Improving the touch targets in your apps using Xamarin.Forms

We can interact with our phones in different ways, but the most commonly used one is through touch. But what makes for good touch targets and how can we improve upon what we get out of the box in Xamarin.Forms? Let’s take a look!

Allow me to preface this post with the fact that I’m no accessibility expert. Therefore, this post will not go big on it, but will rather highlight some quick tips.

Bigger is better & space adequately

Nothing is as frustrating as tapping on a button but nothing happens. This could be caused by a touch target that is smaller than it should be. In our apps, we want to have our users hitting the target, not force them to exactly hit the bullseye. Therefore, our touch targets should be as big as they can realistically be.
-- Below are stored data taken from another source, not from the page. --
(* Let $X$, $D_0$, $D_\infty$ be as constructed in the context, from data $\sigma_0$, $L$ with $c(L)=-k$, points $r_1,\dots,r_s$ and integers $k^i_j\ge2$, with resulting integers $l^i_j\ge 2$. The following are equivalent: (1) $D_\infty$ is the support of a divisor with positive normal bundle; (2) the intersection matrix of the components of $D_0$ is negative definite; (3) $\displaystyle\sum_{i=1}^s\frac{1}{[k^i_1,k^i_2,\dots,k^i_{n_i}]}<k$; (4) $\displaystyle\sum_{i=1}^s\frac{1}{[l^i_1,l^i_2,\dots,l^i_{m_i}]}>s-k$.
   Context: Let $\sigma_0$ be a compact Riemann surface, $L$ a holomorphic line bundle on it of degree $-k$, $k\ge1$, and $\bar L$ the $\mathbb P^1$-bundle obtained by gluing $L$ and its dual $L^{-1}$ via $a\mapsto 1/a$ off the zero sections; $\sigma_0$ is the zero section of $L$ (self-intersection $-k$) and $\sigma_\infty$ the zero section of $L^{-1}$ (self-intersection $k$). For each of given distinct points $r_1,\dots,r_s\in\sigma_0$ and given integers $k^i_1,\dots,k^i_{n_i}\ge2$, perform successive blow-ups starting at the point $r_i^\infty=\sigma_\infty\cap\bar L_{r_i}$ (and then at points of the exceptional curves in the chain between $\sigma_0$ and $\sigma_\infty$) so as to replace the chain $\sigma_0,\bar L_{r_i},\sigma_\infty$ by a chain $\sigma_0,\sigma^i_1,\dots,\sigma^i_{n_i},\tilde\sigma,\tau^i_{m_i},\dots,\tau^i_1,\sigma_\infty$ with self-intersections $\sigma^i_j\cdot\sigma^i_j=-k^i_j$, $\tilde\sigma\cdot\tilde\sigma=-1$, $\tau^i_j\cdot\tau^i_j=-l^i_j<-1$ ($\sigma^i_1$ being the strict transform of the fiber $\bar L_{r_i}$). Doing this at every $r_i$ yields a smooth projective surface $X$, in which $\sigma_\infty\cdot\sigma_\infty=k-s$. Put $D_\infty=\sigma_\infty+\sum_{i,j}\tau^i_j$ and $D_0=\sigma_0+\sum_{i,j}\sigma^i_j$. A divisor $Y=\sum_{i=1}^lY_i$ on a surface is the support of a divisor with positive normal bundle if there are positive integers $a_i$ with $(\sum a_iY_i)\cdot Y_j>0$ for all $j$. Continued fractions: $[a_1,\dots,a_n]=a_1-\cfrac{1}{a_2-\cfrac{1}{\ddots-\cfrac1{a_n}}}$. *)

theory Defs
  imports Complex_Main
begin

fun cfrac :: "int list \<Rightarrow> real" where
  "cfrac [] = 0"
| "cfrac [a] = of_int a"
| "cfrac (a # b # rest) = of_int a - 1 / cfrac (b # rest)"

text \<open>Self-intersection numbers of the chain of curves lying in the fibre over r_i,
  listed from the strict transform of the fibre (adjacent to sigma_0) towards sigma_infinity.
  Blowing up the node between the curves at positions i and i+1 decreases both
  self-intersections by one and inserts a (-1)-curve between them.\<close>
definition blowup_node :: "int list \<Rightarrow> nat \<Rightarrow> int list" where
  "blowup_node xs i = take i xs @ [xs ! i - 1, -1, xs ! (i + 1) - 1] @ drop (i + 2) xs"

text \<open>Chains obtained as in the construction: first blow up r_i^infinity = sigma_infinity \<inter> fibre
  (fibre 0 becomes -1, new exceptional curve -1, and sigma_infinity drops by one), then
  blow up further points of exceptional curves of the chain, which (to keep a chain between
  sigma_0 and sigma_infinity and not change sigma_0 and sigma_infinity further) are nodes of the
  chain strictly between sigma_0 and sigma_infinity.\<close>
inductive fibre_chain :: "int list \<Rightarrow> bool" where
  first: "fibre_chain [-1, -1]"
| node: "fibre_chain xs \<Longrightarrow> i + 1 < length xs \<Longrightarrow> fibre_chain (blowup_node xs i)"

text \<open>Components of a star-shaped configuration: None is the central curve, Some (i, j)
  is the (j+1)-st curve of the i-th arm, counted from the centre.\<close>
definition star_comps :: "nat \<Rightarrow> (nat \<Rightarrow> nat) \<Rightarrow> (nat \<times> nat) option set" where
  "star_comps s len = insert None {Some (i, j) | i j. i < s \<and> j < len i}"

fun star_form :: "int \<Rightarrow> (nat \<Rightarrow> nat \<Rightarrow> int) \<Rightarrow> (nat \<times> nat) option \<Rightarrow> (nat \<times> nat) option \<Rightarrow> int" where
  "star_form c a None None = c"
| "star_form c a None (Some (i, j)) = (if j = 0 then 1 else 0)"
| "star_form c a (Some (i, j)) None = (if j = 0 then 1 else 0)"
| "star_form c a (Some (i, j)) (Some (i', j')) =
     (if i = i' then (if j = j' then a i j else if j = j' + 1 \<or> j' = j + 1 then 1 else 0) else 0)"

definition neg_definite :: "('c \<Rightarrow> 'c \<Rightarrow> int) \<Rightarrow> 'c set \<Rightarrow> bool" where
  "neg_definite Q S \<longleftrightarrow>
     (\<forall>x :: 'c \<Rightarrow> real. (\<exists>u\<in>S. x u \<noteq> 0) \<longrightarrow>
        (\<Sum>u\<in>S. \<Sum>v\<in>S. x u * of_int (Q u v) * x v) < 0)"

definition pos_normal_support :: "('c \<Rightarrow> 'c \<Rightarrow> int) \<Rightarrow> 'c set \<Rightarrow> bool" where
  "pos_normal_support Q S \<longleftrightarrow>
     (\<exists>a :: 'c \<Rightarrow> int. (\<forall>u\<in>S. a u > 0) \<and> (\<forall>v\<in>S. (\<Sum>u\<in>S. a u * Q u v) > 0))"

end

theory Submission
  imports Defs
begin

(* Both D_0 and D_infinity are star-shaped configurations: a central curve with arms of
   self-intersections -k^i_j, resp. -l^i_j.  Blowing up a node leaves this
   product unchanged, so every fibre chain has the product of the chain (-1, -1); reading
   off the entries gives 1/[k^i] + 1/[l^i] = 1 for every i.
   (2) <-> (3): the contribution of one arm to the quadratic form, for a fixed value u of
   the centre, is maximised by completing squares along the arm; its maximum is
   u^2/[k^i_1, ..., k^i_{n_i}], so the form is -k u^2 + sum_i u^2/[k^i] at best.
   (1) <-> (4): given the weight C on the central curve, an arm admits positive integer
   weights w meeting each of its curves positively iff w_0 [l^i] < C (for the sufficiency,
   after a common rescaling), so the condition at the central curve amounts to
   C (k - s) + sum_i C/[l^i] > 0.
   The sections are: transfer matrices and (3) <-> (4); continued fractions of sequences;
   the quadratic form of one arm; positive weights on one arm; bookkeeping for star-shaped
   intersection forms; (2) <-> (3); (1) <-> (4); the theorem. *)

type_synonym mat2 = "int \<times> int \<times> int \<times> int"

fun mat_mult :: "mat2 \<Rightarrow> mat2 \<Rightarrow> mat2" where
  "mat_mult (a, b, c, d) (e, f, g, h) = (a*e + b*g, a*f + b*h, c*e + d*g, c*f + d*h)"

fun det2 :: "mat2 \<Rightarrow> int" where
  "det2 (a, b, c, d) = a*d - b*c"

definition curve_mat :: "int \<Rightarrow> mat2" where
  "curve_mat x = (-x, -1, 1, 0)"

fun chain_mat :: "int list \<Rightarrow> mat2" where
  "chain_mat [] = (1, 0, 0, 1)"
| "chain_mat (x # xs) = mat_mult (curve_mat x) (chain_mat xs)"

lemma mat_mult_assoc: "mat_mult (mat_mult A B) C = mat_mult A (mat_mult B C)"
  by (cases A; cases B; cases C) (simp add: algebra_simps)

lemma mat_mult_id [simp]: "mat_mult (1, 0, 0, 1) A = A" "mat_mult A (1, 0, 0, 1) = A"
  by (cases A; simp)+

lemma det2_mat_mult: "det2 (mat_mult A B) = det2 A * det2 B"
  by (cases A; cases B) (simp add: algebra_simps)

lemma det2_chain_mat: "det2 (chain_mat xs) = 1"
  by (induction xs) (simp_all add: det2_mat_mult curve_mat_def)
Our goal as a developer should be to have our users complete their goals as often as possible. If the button is too small this simply won’t happen. It also puts additional strain on the user, making the success rate of our app go down.

Let’s take a look at the example below. We’ve created a button and given it an icon and a tap command. The button might size itself to the text we’ve put into it, meaning it actually has quite a small surface. By adding Padding to the button, we can greatly increase the touch target, while keeping our look exactly the same. Do note, that while the same visual effect can be achieved using Margin, this margin will not typically be part of the touch target.

Touch targets
Opt for padding over margin.

Making our design breathe and not cramming all our elements together is a good practice anyway, so using our interactive elements to create that additional space is a great way to do it. By limiting the number of elements on the screen we can allow our key touch targets to be larger and spaced apart further, making them easier to tap.

Different form factors & audience

Imagine we already know that the device we’ll be developing for has a smaller screen. It might even be a watch app that has limited screen real-estate. If that’s the case, we don’t want to just shrink the touch targets to fit everything on the screen, but instead, reconsider our layout to incorporate e.g. gestures or voice control.

Our audience is another reason for creating bigger touch targets. Little kids lack the precise movement as they still need to develop those skills. The elderly might have shaky hands meaning that precisely tapping things could be challenging. The fact that we as developers might be able to easily find our way through an app does not mean that everyone else will.

Look towards existing guidelines

Both Apple and Android have published guidelines on how big touch targets should be. Getting a basic grip on what these are will help you moving forward. Apple’s Human Interface Guidelines for example suggest the following:

Provide ample touch targets for interactive elements. Try to maintain a minimum tappable area of 44pt x 44pt for all controls.Human Interface Guidelines – Apple

Moving on to Android, we can find some information in their Material Design Guidelines. Here Google defines a minimum size for tappable elements at 48 x 48 density pixels. For icons, these sizes are fine. But if you can go bigger you definitely should!

Taking your touch targets to the next level

To take our interactions to the next level, we’re going to be using the TouchEffect NuGet package by Andrei Misiukevich. This NuGet provides the ability to create views with touch effects without using TapGestureRecognizer. With it, we can change the appearance of any control in response to touch events, either directly via XAML code or with custom logic hooked up to the events that this plugin exposes.

What kind of things can we do? Well, among others, we can do rotating, translating, scaling and re-coloring elements on pressed, or even hovered. This allows you to do something like this for example:

Animating our taps, being a bit creative.

All of this is done through attached properties that you can add to any view that you like. A recent sample I used for my MVP app looks like this:

Look at the repo to see what other properties exist and how you can make the most of your touch effects.

In the Xamarin.CommunityToolkit soon™!

Andrei has been so kind as to submit all of these helpers into the Xamarin.CommunityToolkit. If you’re unaware of what that is, it’s a community-ran set of NuGet packages that offer a lot of features that Xamarin.Forms currently lacks. Some of it is bits of common code that you’re replicating across apps (such as converters), some of it is entirely custom views like the awesome CameraView, and now also all of these touch effects. Check it out if you haven’t already!

Conclusion

Designing good touch targets is the basis of designing for mobile. All elements should be big enough and spaced far enough apart to ensure that users reach their goals using the app. We also looked at some of the cool community-built solutions which allow us to be a bit more creative with these touch targets.